This is only material from filter that I would clean under tapwater or simply replace.


----------



## dextersmom (Aug 23, 2011)

thanks for the advice...I'm pretty dead set on having a guppy tank with some sort of shrimp (preferably red cherry).
Interestingly the pH of my tank has risen from 6.0 to 6.5ish. Also tested for carb harness and general hardness and got around 40 (ppm) for my carb hardness and 30 (ppm) for my general hardness (although this was done with the dip stick test and not a good test like I did for my NH, pH, NO2, and NO3)

Tested my tap water as well and found it to be very close to neutral and slightly on the alkaline side. I'm wondering if the recent addition of my yeast produced co2 set up caused the drop in pH from the extra production of carbonic acid.


----------



## farrenator (May 11, 2011)

CO2 will drop the pH as you surmised. To tell if that is the case take some water from the tank and let it sit for a few hours to let the CO2 offgas and test the water. It should test more alkaline.

FYI, once those sword plants get going they are going to outgrow your tank (if they are Amazon swords that is).
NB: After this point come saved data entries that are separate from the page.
lemma Irr_eq_UN_cylinder: "Irr = (\<Union>i. iter_preimage m (cylinder (Suc i)))"
proof
  show "(\<Union>i. iter_preimage m (cylinder (Suc i))) \<subseteq> Irr" using iter_preimage_subset by blast
  show "Irr \<subseteq> (\<Union>i. iter_preimage m (cylinder (Suc i)))"
  proof
    fix x assume x: "x \<in> Irr"
    obtain k where k: "k \<ge> 1" "(T ^^ m) x \<in> cylinder k"
      using funpow_T_Irr[OF x, of m]
      by (cases rule: Irr_branches) (use cylinder_eq_Un in blast)+
    then have "x \<in> iter_preimage m (cylinder (Suc (k - 1)))" using x by (simp add: iter_preimage_def)
    then show "x \<in> (\<Union>i. iter_preimage m (cylinder (Suc i)))" by blast
  qed
qed

lemma measure_Irr: "measure lebesgue Irr = 1"
  using Icc_minus_Rats[of 0 1] unfolding Irr_eq by simp

lemma cylinder_density_total:
  assumes C: "cylinder_density m C"
  shows "(\<lambda>i. C (Suc i) * (1 / (2 * real (Suc i) - 1) - 1 / (2 * real (Suc i) + 1))) sums 1"
proof -
  have "(\<lambda>i. C (Suc i) * (1 / (2 * real (Suc i) - 1) - 1 / (2 * real (Suc i) + 1))) sums
      measure lebesgue (\<Union>i. iter_preimage m {1 / (2 * real (Suc i) + 1) .. 1 / (2 * real (Suc i) - 1)})"
    by (rule cylinder_density_sums(2)[OF C]) (auto simp: cylinder_def intro!: divide_left_mono)
  then show ?thesis
    unfolding Irr_eq_UN_cylinder[of m, unfolded cylinder_def, symmetric] measure_Irr .
qed

section \<open>Sublevel sets of y\<close>

lemma s1_Irr:
  assumes z: "z \<in> Irr"
  shows "s1 z = 1 \<or> s1 z = -1"
  using z by (cases rule: Irr_branches) (simp_all add: plus_branch(3)[OF z] minus_branch(3)[OF z])

lemma y_eq_digit_sign:
  assumes x: "x \<in> Irr" and n: "n \<ge> 2"
  shows "y n x = of_int (d1 ((T ^^ (n - 2)) x) - s1 ((T ^^ (n - 2)) x)) * T ((T ^^ (n - 2)) x)"
proof -
  define z where "z = (T ^^ (n - 2)) x"
  have "n - 1 = Suc (n - 2)" "n - 1 - 1 = n - 2" using n by simp_all
  then have Tz: "(T ^^ (n - 1)) x = T z" and ds: "d (n - 1) x = d1 z" "s (n - 1) x = s1 z"
    unfolding z_def d_def s_def by simp_all
  have "s k x \<noteq> 0" for k
    using s1_Irr[OF funpow_T_Irr[OF x]] unfolding s_def by (metis zero_neq_one zero_neq_neg_one)
  then have eps_nonzero: "eps (n - 1) x \<noteq> 0" unfolding eps_def by simp
  have "{1..<n} = insert (n - 1) {1..<n - 1}" using n by auto
  then have eps_step: "eps n x = s1 z * eps (n - 1) x" unfolding eps_def ds(2)[symmetric] by simp
  have y: "y n x = (if eps n x = eps (n - 1) x then (of_int (d1 z) - 1) * T z
      else if eps n x = - eps (n - 1) x then (of_int (d1 z) + 1) * T z else 0)"
    using n unfolding y_def Tz ds by simp
  have "s1 z = 1 \<or> s1 z = -1" unfolding z_def by (rule s1_Irr[OF funpow_T_Irr[OF x]])
  then have "y n x = of_int (d1 z - s1 z) * T z"
  proof
    assume "s1 z = 1"
    then show ?thesis using y eps_step by simp
  next
    assume "s1 z = -1"
    then show ?thesis using y eps_step eps_nonzero by simp
  qed
  then show ?thesis unfolding z_def .
qed

lemma y_eq_y2_funpow:
  assumes "x \<in> Irr" "n \<ge> 2"
  shows "y n x = y 2 ((T ^^ (n - 2)) x)"
  using y_eq_digit_sign[OF assms] y_eq_digit_sign[OF funpow_T_Irr[OF assms(1)], of 2] by simp

definition sublevel_lo :: "real \<Rightarrow> nat \<Rightarrow> real" where
  "sublevel_lo c k = (1 - c / (2 * real k + 1)) / (2 * real k)"

definition sublevel_hi :: "real \<Rightarrow> nat \<Rightarrow> real" where
  "sublevel_hi c k = (1 + c / (2 * real k - 1)) / (2 * real k)"

lemma sublevel_bounds:
  assumes k: "k \<ge> 1" and c: "0 \<le> c" "c \<le> 1"
  shows "1 / (2 * real k + 1) \<le> sublevel_lo c k" "sublevel_lo c k \<le> 1 / (2 * real k)"
    and "1 / (2 * real k) \<le> sublevel_hi c k" "sublevel_hi c k \<le> 1 / (2 * real k - 1)"
proof -
  have "1 / (2 * real k + 1) = (1 - 1 / (2 * real k + 1)) / (2 * real k)"
    using k by (simp add: divide_simps)
  also have "\<dots> \<le> sublevel_lo c k"
    unfolding sublevel_lo_def using c by (simp add: divide_right_mono)
  finally show "1 / (2 * real k + 1) \<le> sublevel_lo c k" .
  show "sublevel_lo c k \<le> 1 / (2 * real k)"
    unfolding sublevel_lo_def using c by (simp add: divide_right_mono)
  show "1 / (2 * real k) \<le> sublevel_hi c k"
    unfolding sublevel_hi_def using c k by (simp add: divide_right_mono)
  have "c / (2 * real k - 1) \<le> 1 / (2 * real k - 1)" using c k by (simp add: divide_right_mono)
  then have "sublevel_hi c k \<le> (1 + 1 / (2 * real k - 1)) / (2 * real k)"
    unfolding sublevel_hi_def by (simp add: divide_right_mono)
  also have "\<dots> = 1 / (2 * real k - 1)" using k by (simp add: divide_simps)
  finally show "sublevel_hi c k \<le> 1 / (2 * real k - 1)" .
qed

lemma sublevel_length:
  assumes "k \<ge> 1"
  shows "sublevel_hi c k - sublevel_lo c k = c * (1 / (2 * real k - 1) - 1 / (2 * real k + 1))"
proof -
  define K where "K = 2 * real k"
  have K: "K - 1 \<noteq> 0" "K + 1 \<noteq> 0" "K \<noteq> 0" using assms unfolding K_def by auto
  have "(1 + c / (K - 1)) / K - (1 - c / (K + 1)) / K = (c / (K - 1) + c / (K + 1)) / K"
    by (simp add: diff_divide_distrib[symmetric])
  also have "\<dots> = c * (1 / (K - 1) - 1 / (K + 1))" using K by (simp add: divide_simps) algebra
  finally show ?thesis unfolding sublevel_hi_def sublevel_lo_def K_def .
qed

lemma y2_le_iff:
  assumes z: "z \<in> Irr" and c: "0 \<le> c" "c \<le> 1"
  shows "y 2 z \<le> c \<longleftrightarrow> (\<exists>k\<ge>1. z \<in> {sublevel_lo c k .. sublevel_hi c k})"
proof -
  have y2: "y 2 z = of_int (d1 z - s1 z) * T z" using y_eq_digit_sign[OF z, of 2] by simp
  have unique: "(\<exists>k'\<ge>1. z \<in> {sublevel_lo c k' .. sublevel_hi c k'}) \<longleftrightarrow>
      z \<in> {sublevel_lo c k .. sublevel_hi c k}" if k: "k \<ge> 1" "z \<in> cylinder k" for k
  proof
    assume "\<exists>k'\<ge>1. z \<in> {sublevel_lo c k' .. sublevel_hi c k'}"
    then obtain k' where k': "k' \<ge> 1" "z \<in> {sublevel_lo c k' .. sublevel_hi c k'}" by blast
    then have "z \<in> cylinder k'" using sublevel_bounds[OF k'(1) c] unfolding cylinder_def by auto
    then have "k' = k" using cylinder_disjoint[of k' k] k z by (auto simp: Irr_def)
    then show "z \<in> {sublevel_lo c k .. sublevel_hi c k}" using k' by simp
  qed (use k in blast)
  from z show ?thesis
  proof (cases rule: Irr_branches)
    case (plus k)
    note br = plus_branch[OF z plus]
    have K: "0 < 2 * real k - 1" "0 < 2 * real k" using plus(1) by auto
    have "y 2 z \<le> c \<longleftrightarrow> (2 * real k - 1) * (2 * real k * z - 1) \<le> c" using y2 br by simp
    also have "\<dots> \<longleftrightarrow> 2 * real k * z - 1 \<le> c / (2 * real k - 1)"
      using K by (simp add: pos_le_divide_eq mult.commute)
    also have "\<dots> \<longleftrightarrow> z * (2 * real k) \<le> 1 + c / (2 * real k - 1)" by (simp add: algebra_simps)
    also have "\<dots> \<longleftrightarrow> z \<le> sublevel_hi c k"
      unfolding sublevel_hi_def using K by (simp add: pos_le_divide_eq)
    also have "\<dots> \<longleftrightarrow> z \<in> {sublevel_lo c k .. sublevel_hi c k}"
      using sublevel_bounds(2)[OF plus(1) c] plus(2) half_cylinder_odd[OF plus(1)] by auto
    finally show ?thesis using unique plus cylinder_eq_Un by blast
  next
    case (minus k)
    note br = minus_branch[OF z minus]
    have K: "0 < 2 * real k + 1" "0 < 2 * real k" using minus(1) by auto
    have "y 2 z \<le> c \<longleftrightarrow> (2 * real k + 1) * (1 - 2 * real k * z) \<le> c" using y2 br by simp
    also have "\<dots> \<longleftrightarrow> 1 - 2 * real k * z \<le> c / (2 * real k + 1)"
      using K by (simp add: pos_le_divide_eq mult.commute)
    also have "\<dots> \<longleftrightarrow> 1 - c / (2 * real k + 1) \<le> z * (2 * real k)" by (simp add: algebra_simps)
    also have "\<dots> \<longleftrightarrow> sublevel_lo c k \<le> z"
      unfolding sublevel_lo_def using K by (simp add: pos_divide_le_eq)
    also have "\<dots> \<longleftrightarrow> z \<in> {sublevel_lo c k .. sublevel_hi c k}"
      using sublevel_bounds(3)[OF minus(1) c] minus(2) half_cylinder_even by auto
    finally show ?thesis using unique minus cylinder_eq_Un by blast
  qed
qed

lemma y_sublevel_set:
  assumes n: "n \<ge> 2" and c: "0 \<le> c" "c \<le> 1"
  shows "{x \<in> Irr. y n x \<le> c} =
    (\<Union>i. iter_preimage (n - 2) {sublevel_lo c (Suc i) .. sublevel_hi c (Suc i)})"
proof -
  have "(\<exists>k\<ge>1. P k) \<longleftrightarrow> (\<exists>i. P (Suc i))" for P :: "nat \<Rightarrow> bool"
  proof
    assume "\<exists>k\<ge>1. P k"
    then obtain k where "k \<ge> 1" "P k" by blast
    then show "\<exists>i. P (Suc i)" by (intro exI[of _ "k - 1"]) simp
  qed auto
  then show ?thesis
    using y_eq_y2_funpow[OF _ n] y2_le_iff[OF funpow_T_Irr c] unfolding iter_preimage_def by auto
qed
They can get quite large when healthy and will dominate your 12 gallon. They are also heavy root feeders so unless you have a nutrient rich substrate I would recommend planting some root tabs for them. They are a great looking plant when healthy.


----------



## dextersmom (Aug 23, 2011)

thanks Far...got some sitting right now. Gonna hit the shop and grab some crushed coral on the way home later. 

yes they're amazon swords. gonna hafta watch them and cut em back as needed. I am using a pretty rich substrate (name escapes me right now) but aside from the algae build up on them, they seem to be doing real well.


----------